Если же это истинно (как оно, конечно, и есть), то не было так называемой «Энады» умов, которая бы, насытившись божественным постоянством, разделилась и своим рассеянием произвела возникновение этого Mipa, чтобы нам [на основании этого] не делать Благо чем–то описуемым и дешевым, как ограничивающееся каким–то насыщением и бывающее причиной восстания для тех, чье влечение оно не смогло удержать недвижным. И зря продолжают некоторые, как мне кажется, вещать об этой [Энаде], воображая то, чего нет, и что тяжелее, конечно, [вынести] клевеща даже на этого блаженного отца, будто он так думал. Но оставив их как есть, то есть под этим предлогом имеющими возможность не только самим преспокойно думать, что души пришли в телаиз прежнего вида [своей] жизни в наказание за бывшие [в ней] прежде злые [дела], но и других пытаться так же основательно обманывать ссылкой на авторитеты, поступая некрасиво и недостойно, [оставив им это,] сами мы мысль Учителя благочестиво рассмотрим вдобавок к сказанному и под иным углом [или: тропосом].
Не думаю, чтобы он здесь хотел изложить [причину] возникновения человеческой [природы], (1092) но[, полагаю,] причину наложившегося на него бедствия.
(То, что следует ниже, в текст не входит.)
lemma emp_bal_risk_lower_deviation_le_half:
  assumes "prob_space P" and "sets P = sets (MX \<Otimes>\<^sub>M count_space UNIV)"
    and "h \<in> MX \<rightarrow>\<^sub>M count_space UNIV"
    and "prob_label P L0 > 0" and "prob_label P L1 > 0" and "t > 0"
    and "real n * t\<^sup>2 \<ge> 32 * ln 12 / min (prob_label P L0) (prob_label P L1)"
  shows "measure (sample_measure n P)
           {zs \<in> space (sample_measure n P). emp_bal_risk n zs h < bal_risk P h - t/2} \<le> 1/2"
proof -
  define m where "m = min (prob_label P L0) (prob_label P L1)"
  have "m > 0"
    using assms(4,5) by (simp add: m_def)
  have "1 \<le> ln (12::real)"
    using exp_le by (subst ln_ge_iff) auto
  then have "16 \<le> real n * m * t\<^sup>2"
    using assms(7) \<open>m > 0\<close> by (simp add: m_def divide_le_eq mult.commute mult.left_commute)
  then have "n > 0"
    by (cases n) auto
  have "measure (sample_measure n P)
          {zs \<in> space (sample_measure n P). emp_bal_risk n zs h < bal_risk P h - t/2}
        \<le> 2 / (real n * m * (t/2)\<^sup>2)"
    unfolding m_def using assms \<open>n > 0\<close> by (intro emp_bal_risk_lower_deviation) auto
  also have "\<dots> \<le> 1/2"
    using \<open>16 \<le> real n * m * t\<^sup>2\<close> by (simp add: power_divide)
  finally show ?thesis .
qed

theorem lemma2:
  fixes MX :: "'a measure" and P :: "('a \<times> label) measure"
    and H :: "('a \<Rightarrow> bool) set" and n :: nat and t :: real
  assumes "prob_space P"
    and "sets P = sets (MX \<Otimes>\<^sub>M count_space UNIV)"
    and "H \<subseteq> MX \<rightarrow>\<^sub>M count_space UNIV"
    and "prob_label P L0 > 0" and "prob_label P L1 > 0"
    and "t > 0"
    and "real n * t\<^sup>2 \<ge> 32 * ln 12 / min (prob_label P L0) (prob_label P L1)"
    and "{zs \<in> space (sample_measure n P). (SUP h\<in>H. bal_risk P h - emp_bal_risk n zs h) > t}
           \<in> sets (sample_measure n P)"
    and "{p \<in> space (sample_measure n P \<Otimes>\<^sub>M sample_measure n P).
            (SUP h\<in>H. emp_bal_risk n (snd p) h - emp_bal_risk n (fst p) h) > t / 2}
           \<in> sets (sample_measure n P \<Otimes>\<^sub>M sample_measure n P)"
  shows "measure (sample_measure n P)
           {zs \<in> space (sample_measure n P). (SUP h\<in>H. bal_risk P h - emp_bal_risk n zs h) > t}
         \<le> 2 * measure (sample_measure n P \<Otimes>\<^sub>M sample_measure n P)
           {p \<in> space (sample_measure n P \<Otimes>\<^sub>M sample_measure n P).
            (SUP h\<in>H. emp_bal_risk n (snd p) h - emp_bal_risk n (fst p) h) > t / 2}"
proof -
  interpret P: prob_space P by fact
  let ?M = "sample_measure n P"
  interpret M: prob_space ?M
    by (intro prob_space_PiM P.prob_space_axioms)
  interpret MM: pair_prob_space ?M ?M ..
  define A where "A = {zs \<in> space ?M. (SUP h\<in>H. bal_risk P h - emp_bal_risk n zs h) > t}"
  define G where "G = {p \<in> space (?M \<Otimes>\<^sub>M ?M).
    (SUP h\<in>H. emp_bal_risk n (snd p) h - emp_bal_risk n (fst p) h) > t / 2}"
  have "1/2 \<le> measure ?M (Pair x -` G)" if "x \<in> A" for x
  proof -
    have G_section:
      "Pair x -` G = {y \<in> space ?M. t/2 < (SUP h\<in>H. emp_bal_risk n y h - emp_bal_risk n x h)}"
      using that by (auto simp: A_def G_def space_pair_measure)
    have "Pair x -` G \<in> sets ?M"
      using assms(9) unfolding G_def by (rule sets_Pair1)
    then have ghost_event:
      "{y \<in> space ?M. t/2 < (SUP h\<in>H. emp_bal_risk n y h - emp_bal_risk n x h)} \<in> sets ?M"
      by (simp only: G_section)
    have "1 - 1/2 \<le> measure ?M {y \<in> space ?M. t/2 < (SUP h\<in>H. emp_bal_risk n y h - emp_bal_risk n x h)}"
    proof (rule M.ghost_sample_section_prob_ge[OF \<open>t > 0\<close> _ _ _ _ _ ghost_event])
      show "bal_risk P h \<le> 1" for h
        using assms(1,2) by (rule bal_risk_le_1)
      show "0 \<le> emp_bal_risk n y h \<and> emp_bal_risk n y h \<le> 1" for y h
        using emp_bal_risk_bounds by blast
      show "(\<lambda>y. emp_bal_risk n y h) \<in> borel_measurable ?M" if "h \<in> H" for h
        using assms(2,3) that by (auto intro: measurable_emp_bal_risk)
      show "measure ?M {y \<in> space ?M. emp_bal_risk n y h < bal_risk P h - t/2} \<le> 1/2" if "h \<in> H" for h
        using assms(1-7) that by (intro emp_bal_risk_lower_deviation_le_half) auto
      show "t < (SUP h\<in>H. bal_risk P h - emp_bal_risk n x h)"
        using that by (simp add: A_def)
    qed simp
    then show ?thesis
      by (simp add: G_section)
  qed
  then have "1/2 * measure ?M A \<le> measure (?M \<Otimes>\<^sub>M ?M) G"
    using assms(8,9) by (intro MM.measure_pair_measure_ge_sections) (auto simp: A_def G_def)
  then show ?thesis
    by (simp add: A_def G_def)
qed

end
Ибо оплакав жалкое состояние нашего тела в словах: «Ох уж это мне сопряжение и отчуждение! Которого боюсь, то холю; и которое лелею, того страшусь» [320] (и далее [по тексту]); и как бы сам к себе [обратившись] в недоумении с вопросом о причине зол, держащих нас в тисках, и о соответствующем этой [причине] мудрейшем промысле: «Какова обо мне мудрость, и что за великая это тайна?» он прибавляет, разъясняя решение [вопроса] так: «Разве что для того, чтобы, будучи частицей Бога и стекши свыше, мы не презирали Создателя, превозносясь своим достоинством и надмеваясь, хочет [Он], чтобы мы всегда к Нему взирали в борьбе и брани с телом, и чтобы сопряженная [с нами] немощь была детоводительницей [нашего] достоинства».
320
Григорий Богослов. Слово 14.7: PG 35, 865В.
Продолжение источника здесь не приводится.